At that time, Nuke was already legendary in the visual effects community but for several years had only been available to use inside Digital Domain. In 2002, a spin-off company D2 Software had been launched to sell Nuke to the outside world. Lambert thought it still needed a good keyer.

Paul Lambert on the set of ‘Dune’.

“They were basically offering Nuke without a keyer,” recalls Lambert. “We were in a Nuke user group meeting and the whole keyer thing came up and I sheepishly put my hand up and said, ‘Look, I understand how these things work,’ because I had figured out some keying things when I was at Cinesite back in London. I said, ‘Well, look, give me some time and I’ll figure this out.’”

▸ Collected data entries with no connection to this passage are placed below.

lemma profile_exchange:
  assumes "p \<in> x" "q \<notin> x" "p \<in> U" "q \<in> W" "U \<in> P" "W \<in> P" "U \<noteq> W"
  shows "profile (exchange x p q) + {#card (x \<inter> U), card (x \<inter> W)#}
       = profile x + {#card (x \<inter> U) - 1, card (x \<inter> W) + 1#}"
proof -
  let ?s = "\<lambda>y B. card (y \<inter> B)" and ?R = "P - {U, W}"
  have "P = insert U (insert W ?R)" using assms by auto
  then have "mset_set P = mset_set (insert U (insert W ?R))" by (rule arg_cong)
  also have "\<dots> = mset_set ?R + {#U, W#}" using assms finite_P by simp
  finally have split: "mset_set P = mset_set ?R + {#U, W#}" .
  have "p \<notin> W" "q \<notin> U" using assms block_unique by blast+
  then have "?s (exchange x p q) U = ?s x U - 1" "?s (exchange x p q) W = ?s x W + 1"
    using card_exchange_Int_block[OF assms(1,2,5)] card_exchange_Int_block[OF assms(1,2,6)] assms
    by simp_all
  moreover have "exchange x p q \<inter> B = x \<inter> B" if "B \<in> ?R" for B
    using that assms block_unique by blast
  then have "image_mset (?s (exchange x p q)) (mset_set ?R) = image_mset (?s x) (mset_set ?R)"
    using finite_P by (intro image_mset_cong) simp
  ultimately show ?thesis by (simp add: profile_def split add_ac)
qed

end

section \<open>Neighbour-transitive codes with an invariant block system\<close>

locale imprimitive_code = block_system +
  fixes k :: nat and C :: "'a set set"
  assumes two_le_k: "2 \<le> k" and k_le: "k + 2 \<le> card V"
    and code: "is_code V k C"
    and stabilises: "stabilises_code G C"
    and neighbour_transitive: "neighbour_transitive V k G C"
    and P_ne_V: "P \<noteq> {V}" and P_ne_singletons: "P \<noteq> (\<lambda>x. {x}) ` V"
begin

lemma P_nonempty: "P \<noteq> {}"
  using partition k_le by (auto simp: partition_on_def)

lemma two_le_a: "2 \<le> a"
proof (rule ccontr)
  assume "\<not> 2 \<le> a"
  moreover obtain U where "U \<in> P" using P_nonempty by blast
  then have "0 < a"
    using card_block finite_block partition_onD3[OF partition] by (metis card_gt_0_iff)
  ultimately have "a = 1" by linarith
  then have singleton: "\<exists>u. U = {u}" if "U \<in> P" for U
    using card_block[OF that] card_1_singletonE by metis
  have "P = (\<lambda>x. {x}) ` V"
  proof
    show "P \<subseteq> (\<lambda>x. {x}) ` V" using singleton block_subset by blast
    show "(\<lambda>x. {x}) ` V \<subseteq> P" using singleton point_in_block by force
  qed
  then show False using P_ne_singletons by simp
qed
lemma lb_scale_factor_Suc:
  assumes "\<mu> \<noteq> 0" "1 \<le> n"
  defines "b \<equiv> exp (lb_location \<mu> n) / (exp (lb_location \<mu> n) + 1)"
  shows "lb_scale_factor \<alpha> \<mu> (Suc n) = 1 + b powr \<alpha> * lb_scale_factor \<alpha> \<mu> n"
proof -
  define u where "u j = exp (\<mu> * real j)" for j
  define r where "r m j = (u m - u j) / (u m - 1)" for m j
  have u_Suc: "u (Suc j) = exp \<mu> * u j" for j
    by (simp add: u_def distrib_left exp_add mult.commute)
  have "exp \<mu> \<noteq> 1" "u n \<noteq> 1" "u (Suc n) \<noteq> 1"
    using assms by (simp_all add: u_def del: of_nat_Suc)
  have "b = (exp \<mu> * (u n - 1) / (exp \<mu> - 1)) / ((u (Suc n) - 1) / (exp \<mu> - 1))"
    unfolding b_def u_def exp_lb_location_add_one[OF assms(1,2)] by (simp only: exp_lb_location[OF assms(1,2)])
  then have b_eq: "b = exp \<mu> * (u n - 1) / (u (Suc n) - 1)"
    using \<open>exp \<mu> \<noteq> 1\<close> by simp
  \<comment> \<open>Multiplying by \<open>b\<close> shifts the summation index, which is the whole recursion.\<close>
  have shift: "b * r n j = r (Suc n) (Suc j)" for j
  proof -
    have "b * r n j = ((u n - 1) * (exp \<mu> * (u n - u j))) / ((u n - 1) * (exp \<mu> * u n - 1))"
      unfolding b_eq r_def u_Suc by (simp add: times_divide_times_eq ac_simps)
    also have "\<dots> = exp \<mu> * (u n - u j) / (exp \<mu> * u n - 1)"
      using \<open>u n \<noteq> 1\<close> by simp
    finally show ?thesis
      unfolding r_def u_Suc by (simp add: right_diff_distrib)
  qed
  have nonneg: "0 \<le> b" "j \<le> n \<Longrightarrow> 0 \<le> r n j" for j
    unfolding b_def r_def u_def
    by (simp_all add: add_pos_pos less_imp_le exp_mult_diff_ratio_nonneg[where v = 0, simplified])
  have "b powr \<alpha> * lb_scale_factor \<alpha> \<mu> n = (\<Sum>j<n. b powr \<alpha> * r n j powr \<alpha>)"
    by (simp add: lb_scale_factor_eq_sum[OF assms(1,2)] sum_distrib_left r_def u_def)
  also have "\<dots> = (\<Sum>j<n. (b * r n j) powr \<alpha>)"
    by (intro sum.cong refl) (simp add: powr_mult nonneg)
  also have "\<dots> = (\<Sum>j<n. r (Suc n) (Suc j) powr \<alpha>)"
    by (simp add: shift)
  finally show ?thesis
    using lb_scale_factor_eq_sum[OF assms(1), of "Suc n" \<alpha>] \<open>u (Suc n) \<noteq> 1\<close>
    by (simp add: sum.lessThan_Suc_shift r_def u_def del: of_nat_Suc sum.lessThan_Suc)
qed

“I remember the guy running the group looked at me and must have thought, ‘Who is this guy?’ But I went off, and six months later I came back with this algorithm.”

That ‘algorithm’ was the design for Nuke’s IBK keyer. And it’s a keyer that still exists nearly two decades later inside the compositing tool.

A quick IBK lesson

So, what is the IBK keyer? The very non-technical answer to that is that the ‘image- based keyer’ is a proprietary keyer in Nuke that typically deals with classic bluescreen or greenscreen plates (that need keying) by recognizing that these plates do not always have uniform color coverage. We’ve all seen uneven blue and greenscreens; that’s one place where the IBK Keyer can come in handy.

IBK keyer demonstration by Hugo Guerra.

The IBK keyer does not set a single color-pick as the basis for the matte extraction process like some other keyers. Instead it generates a ‘clean plate’ using the pixel values of the compositing images that preserves the color variations in the plate. This is then used to create the key and therefore generate a matte for the image you are looking to extract.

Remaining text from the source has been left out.